» **The problem**
Word for word, transcribe the data below from the line with "finally show ?thesis using" to the line with "using cinner_adj[of A n n v w] by simp", keeping both of those lines.

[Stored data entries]
(* Let $\rho,\sigma$ be full-rank density operators on a finite-dimensional Hilbert space. For any $x\le\lambda_{\min}(\rho)$, $$\beta_{1-x}(\rho\|\sigma)=x\exp\bigl(-\widetilde D_{+\infty}(\rho\|\sigma)\bigr),\qquad 1-\beta_x(\rho\|\sigma)=x\exp\bigl(-\widetilde D_{-\infty}(\rho\|\sigma)\bigr),$$ $$\widehat\beta^{\mathrm R}_{1-x}(\rho\|\sigma)=x\exp\bigl(-D_{+\infty}(\rho\|\mathcal P_\rho(\sigma))\bigr),\qquad 1-\widehat\beta^{\mathrm R}_x(\rho\|\sigma)=x\exp\bigl(-D_{-\infty}(\rho\|\mathcal P_\rho(\sigma))\bigr).$$ Also, for any $x\le\lambda_{\min}(\mathcal P_\sigma(\rho))$, $$\widehat\beta^{\mathrm L}_{1-x}(\rho\|\sigma)=x\exp\bigl(-D_{+\infty}(\mathcal P_\sigma(\rho)\|\sigma)\bigr),\qquad 1-\widehat\beta^{\mathrm L}_x(\rho\|\sigma)=x\exp\bigl(-D_{-\infty}(\mathcal P_\sigma(\rho)\|\sigma)\bigr).$$
   Context: $\beta_x(\rho\|\sigma)=\min\{\mathrm{Tr}(\sigma Q):0\le Q\le\mathbb1,\ \mathrm{Tr}(\rho Q)\ge1-x\}$. For $\tau=\sum_\lambda\lambda\Pi_\lambda$, $\mathcal P_\tau(X)=\sum_\lambda\Pi_\lambda X\Pi_\lambda$; $\widehat\beta^{\mathrm L}_x(\rho\|\sigma)=\beta_x(\mathcal P_\sigma(\rho)\|\sigma)$, $\widehat\beta^{\mathrm R}_x(\rho\|\sigma)=\beta_x(\rho\|\mathcal P_\rho(\sigma))$. $\widetilde D_{+\infty}(\rho\|\sigma)=\log\lambda_{\max}(\sigma^{-1/2}\rho\sigma^{-1/2})$ and $\widetilde D_{-\infty}(\rho\|\sigma)=-\log\lambda_{\max}(\rho^{-1/2}\sigma\rho^{-1/2})$ (the $\alpha\to\pm\infty$ limits of the minimal Rényi divergence); for commuting arguments these are written $D_{\pm\infty}$. $\exp$ and $\log$ share a base; $\lambda_{\min}$ is the smallest eigenvalue. *)

theory Defs
  imports Complex_Main "Jordan_Normal_Form.Jordan_Normal_Form"
begin

definition ctrace :: "complex mat \<Rightarrow> complex" where
  "ctrace A = (\<Sum>i<dim_row A. A $$ (i, i))"

definition adj :: "complex mat \<Rightarrow> complex mat" where
  "adj A = mat (dim_col A) (dim_row A) (\<lambda>(i, j). cnj (A $$ (j, i)))"

definition hermitian :: "complex mat \<Rightarrow> bool" where
  "hermitian A \<longleftrightarrow> A \<in> carrier_mat (dim_row A) (dim_row A) \<and> adj A = A"

definition psd :: "complex mat \<Rightarrow> bool" where
  "psd A \<longleftrightarrow> hermitian A \<and>
     (\<forall>v \<in> carrier_vec (dim_row A). 0 \<le> Re (conjugate v \<bullet> (A *\<^sub>v v)))"

definition pd :: "complex mat \<Rightarrow> bool" where
  "pd A \<longleftrightarrow> psd A \<and> det A \<noteq> 0"

definition density_op :: "nat \<Rightarrow> complex mat \<Rightarrow> bool" where
  "density_op n \<rho> \<longleftrightarrow> \<rho> \<in> carrier_mat n n \<and> psd \<rho> \<and> ctrace \<rho> = 1"

definition full_rank :: "complex mat \<Rightarrow> bool" where
  "full_rank A \<longleftrightarrow> det A \<noteq> 0"

definition rspec :: "complex mat \<Rightarrow> real set" where
  "rspec A = {r. eigenvalue A (complex_of_real r)}"

definition lambda_min :: "complex mat \<Rightarrow> real" where
  "lambda_min A = Min (rspec A)"

definition lambda_max :: "complex mat \<Rightarrow> real" where
  "lambda_max A = Max (rspec A)"

definition inv_sqrt :: "complex mat \<Rightarrow> complex mat" where
  "inv_sqrt A = (THE B. B \<in> carrier_mat (dim_row A) (dim_row A) \<and> pd B \<and>
                        B * B * A = 1\<^sub>m (dim_row A))"

definition eig_proj :: "complex mat \<Rightarrow> real \<Rightarrow> complex mat" where
  "eig_proj \<tau> l = (THE P. P \<in> carrier_mat (dim_row \<tau>) (dim_row \<tau>) \<and> hermitian P \<and> P * P = P \<and>
      (\<forall>v \<in> carrier_vec (dim_row \<tau>). P *\<^sub>v v = v \<longleftrightarrow> \<tau> *\<^sub>v v = complex_of_real l \<cdot>\<^sub>v v))"

definition pinch :: "complex mat \<Rightarrow> complex mat \<Rightarrow> complex mat" where
  "pinch \<tau> X = mat (dim_row \<tau>) (dim_row \<tau>)
     (\<lambda>(i, j). \<Sum>l\<in>rspec \<tau>. (eig_proj \<tau> l * X * eig_proj \<tau> l) $$ (i, j))"

definition beta :: "real \<Rightarrow> complex mat \<Rightarrow> complex mat \<Rightarrow> real" where
  "beta x \<rho> \<sigma> = Inf {Re (ctrace (\<sigma> * Q)) | Q.
      Q \<in> carrier_mat (dim_row \<rho>) (dim_row \<rho>) \<and> psd Q \<and> psd (1\<^sub>m (dim_row \<rho>) - Q) \<and>
      Re (ctrace (\<rho> * Q)) \<ge> 1 - x}"

definition beta_L :: "real \<Rightarrow> complex mat \<Rightarrow> complex mat \<Rightarrow> real" where
  "beta_L x \<rho> \<sigma> = beta x (pinch \<sigma> \<rho>) \<sigma>"

definition beta_R :: "real \<Rightarrow> complex mat \<Rightarrow> complex mat \<Rightarrow> real" where
  "beta_R x \<rho> \<sigma> = beta x \<rho> (pinch \<rho> \<sigma>)"

text \<open>Minimal Renyi divergences of order +infinity and -infinity (natural log).\<close>
definition D_pinf :: "complex mat \<Rightarrow> complex mat \<Rightarrow> real" where
  "D_pinf \<rho> \<sigma> = ln (lambda_max (inv_sqrt \<sigma> * \<rho> * inv_sqrt \<sigma>))"

definition D_minf :: "complex mat \<Rightarrow> complex mat \<Rightarrow> real" where
  "D_minf \<rho> \<sigma> = - ln (lambda_max (inv_sqrt \<rho> * \<sigma> * inv_sqrt \<rho>))"

end

theory Submission
  imports Defs "Jordan_Normal_Form.Spectral_Radius"
begin

text \<open>For positive definite \<rho> and \<sigma> let \<lambda> be the largest eigenvalue of
  \<sigma>^(-1/2) \<rho> \<sigma>^(-1/2), so that D_pinf \<rho> \<sigma> = ln \<lambda>. Every test Q \<ge> 0 satisfies
  Tr(\<rho> Q) \<le> \<lambda> Tr(\<sigma> Q), with equality for the projection onto \<sigma>^(-1/2) u, u a top
  eigenvector. Rescaling this projection so that Tr(\<rho> Q) = x keeps it below the identity
  because x \<le> lambda_min \<rho>, hence beta (1 - x) \<rho> \<sigma> = x / \<lambda>. Exchanging the roles of
  \<rho> and \<sigma> and passing to complementary tests 1 - Q gives 1 - beta x \<rho> \<sigma> = x exp (- D_minf \<rho> \<sigma>).
  The pinched identities are these two for the pairs (\<rho>, pinch \<rho> \<sigma>) and (pinch \<sigma> \<rho>, \<sigma>),
  since pinching by a Hermitian matrix preserves positive definiteness and the trace.\<close>

lemma adj_carrier[simp]: "adj A \<in> carrier_mat (dim_col A) (dim_row A)"
  "dim_row (adj A) = dim_col A" "dim_col (adj A) = dim_row A"
  by (auto simp: adj_def)

lemma adj_carrier_mat[simp]: "A \<in> carrier_mat n m \<Longrightarrow> adj A \<in> carrier_mat m n"
  by (auto simp: adj_def)

lemma adj_mult_vec_carrier[simp]: "A \<in> carrier_mat n m \<Longrightarrow> v \<in> carrier_vec n \<Longrightarrow> adj A *\<^sub>v v \<in> carrier_vec m"
  by (metis adj_carrier_mat mult_mat_vec_carrier)

lemma adj_index[simp]: "i < dim_col A \<Longrightarrow> j < dim_row A \<Longrightarrow> adj A $$ (i,j) = cnj (A $$ (j,i))"
  by (simp add: adj_def)

lemma adj_adj[simp]: "adj (adj A) = A"
  by (rule eq_matI) (auto simp: adj_def)

lemma adj_one[simp]: "adj (1\<^sub>m n) = 1\<^sub>m n"
  by (rule eq_matI) (auto simp: adj_def)

lemma adj_mult: "A \<in> carrier_mat n m \<Longrightarrow> B \<in> carrier_mat m k \<Longrightarrow> adj (A * B) = adj B * adj A"
  by (rule eq_matI) (auto simp: adj_def scalar_prod_def cnj_sum mult.commute intro!: sum.cong)

lemma adj_minus: "A \<in> carrier_mat n m \<Longrightarrow> B \<in> carrier_mat n m \<Longrightarrow> adj (A - B) = adj A - adj B"
  by (rule eq_matI) (auto simp: adj_def)

lemma adj_smult: "adj (c \<cdot>\<^sub>m A) = cnj c \<cdot>\<^sub>m adj A"
  by (rule eq_matI) (auto simp: adj_def)

lemma hermitian_congruence:
  assumes A: "A \<in> carrier_mat n n" and hA: "adj A = A" and V: "V \<in> carrier_mat n m"
  shows "adj (adj V * A * V) = adj V * A * V"
proof -
  have "adj (adj V * A * V) = adj V * adj (adj V * A)"
    by (rule adj_mult[of _ m n _ m]) (use V A in auto)
  also have "adj (adj V * A) = A * V"
    using adj_mult[of "adj V" m n A n] V A hA by simp
  finally show ?thesis using V A by (simp add: assoc_mult_mat[of _ m n _ n _ m])
qed

lemma mult_mat_vec_zero[simp]: "A \<in> carrier_mat m n \<Longrightarrow> A *\<^sub>v 0\<^sub>v n = 0\<^sub>v m"
  by (rule eq_vecI) auto

definition cinner :: "complex vec \<Rightarrow> complex vec \<Rightarrow> complex" where
  "cinner v w = (\<Sum>i<dim_vec w. cnj (v $ i) * w $ i)"

lemma cinner_adj: assumes "A \<in> carrier_mat n m" "v \<in> carrier_vec n" "w \<in> carrier_vec m"
  shows "cinner v (A *\<^sub>v w) = cinner (adj A *\<^sub>v v) w"
proof -
  have "cinner v (A *\<^sub>v w) = (\<Sum>i<n. \<Sum>k<m. cnj (v $ i) * (A $$ (i,k) * w $ k))"
    using assms by (auto simp: cinner_def scalar_prod_def sum_distrib_left lessThan_atLeast0 intro!: sum.cong)
  also have "\<dots> = (\<Sum>k<m. \<Sum>i<n. cnj (v $ i) * (A $$ (i,k) * w $ k))"
    by (rule sum.swap)
  also have "\<dots> = cinner (adj A *\<^sub>v v) w"
    using assms by (auto simp: cinner_def scalar_prod_def sum_distrib_right cnj_sum lessThan_atLeast0 intro!: sum.cong)
  finally show ?thesis .
qed

lemma hermitian_cinner: "A \<in> carrier_mat n n \<Longrightarrow> adj A = A \<Longrightarrow> v \<in> carrier_vec n \<Longrightarrow> w \<in> carrier_vec n
  \<Longrightarrow> cinner v (A *\<^sub>v w) = cinner (A *\<^sub>v v) w"
  using cinner_adj[of A n n v w] by simp

lemma cinner_commute: "dim_vec v = dim_vec w \<Longrightarrow> cinner w v = cnj (cinner v w)"
  by (auto simp: cinner_def cnj_sum mult.commute)

lemma cinner_diff_right: "dim_vec w1 = dim_vec w2 \<Longrightarrow> cinner v (w1 - w2) = cinner v w1 - cinner v w2"
  by (auto simp: cinner_def right_diff_distrib sum_subtractf)

lemma cinner_smult_right[simp]: "cinner v (c \<cdot>\<^sub>v w) = c * cinner v w"
  by (auto simp: cinner_def sum_distrib_left ac_simps)

lemma cinner_smult_left[simp]: "dim_vec v = dim_vec w \<Longrightarrow> cinner (c \<cdot>\<^sub>v v) w = cnj c * cinner v w"
  by (auto simp: cinner_def sum_distrib_left ac_simps)

lemma cinner_zero_right[simp]: "cinner w (0\<^sub>v n) = 0"
  by (auto simp: cinner_def)

lemma cinner_self: "cinner v v = complex_of_real (\<Sum>i<dim_vec v. (cmod (v $ i))\<^sup>2)"
  unfolding cinner_def of_real_sum by (intro sum.cong refl) (metis complex_norm_square mult.commute)

lemma cinner_self_Re: "Re (cinner v v) = (\<Sum>i<dim_vec v. (cmod (v $ i))\<^sup>2)"
  by (simp add: cinner_self)

lemma cinner_self_real: "cinner v v = complex_of_real (Re (cinner v v))"
  by (simp add: cinner_self)

lemma cinner_self_eq_0: "v \<in> carrier_vec n \<Longrightarrow> cinner v v = 0 \<longleftrightarrow> v = 0\<^sub>v n"
proof
  assume v: "v \<in> carrier_vec n" and "cinner v v = 0"
  then have "(\<Sum>i<n. (cmod (v $ i))\<^sup>2) = 0" using cinner_self_Re[of v] by simp
  then have "\<forall>i\<in>{..<n}. (cmod (v $ i))\<^sup>2 = 0"
    by (subst sum_nonneg_eq_0_iff[symmetric]) auto
  then show "v = 0\<^sub>v n" using v by (auto intro!: eq_vecI)
qed (auto simp: cinner_def)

» **Your solution**
  finally show ?thesis using V A by (simp add: assoc_mult_mat[of _ m n _ n _ m])
qed

lemma mult_mat_vec_zero[simp]: "A \<in> carrier_mat m n \<Longrightarrow> A *\<^sub>v 0\<^sub>v n = 0\<^sub>v m"
  by (rule eq_vecI) auto

definition cinner :: "complex vec \<Rightarrow> complex vec \<Rightarrow> complex" where
  "cinner v w = (\<Sum>i<dim_vec w. cnj (v $ i) * w $ i)"

lemma cinner_adj: assumes "A \<in> carrier_mat n m" "v \<in> carrier_vec n" "w \<in> carrier_vec m"
  shows "cinner v (A *\<^sub>v w) = cinner (adj A *\<^sub>v v) w"
proof -
  have "cinner v (A *\<^sub>v w) = (\<Sum>i<n. \<Sum>k<m. cnj (v $ i) * (A $$ (i,k) * w $ k))"
    using assms by (auto simp: cinner_def scalar_prod_def sum_distrib_left lessThan_atLeast0 intro!: sum.cong)
  also have "\<dots> = (\<Sum>k<m. \<Sum>i<n. cnj (v $ i) * (A $$ (i,k) * w $ k))"
    by (rule sum.swap)
  also have "\<dots> = cinner (adj A *\<^sub>v v) w"
    using assms by (auto simp: cinner_def scalar_prod_def sum_distrib_right cnj_sum lessThan_atLeast0 intro!: sum.cong)
  finally show ?thesis .
qed

lemma hermitian_cinner: "A \<in> carrier_mat n n \<Longrightarrow> adj A = A \<Longrightarrow> v \<in> carrier_vec n \<Longrightarrow> w \<in> carrier_vec n
  \<Longrightarrow> cinner v (A *\<^sub>v w) = cinner (A *\<^sub>v v) w"
  using cinner_adj[of A n n v w] by simp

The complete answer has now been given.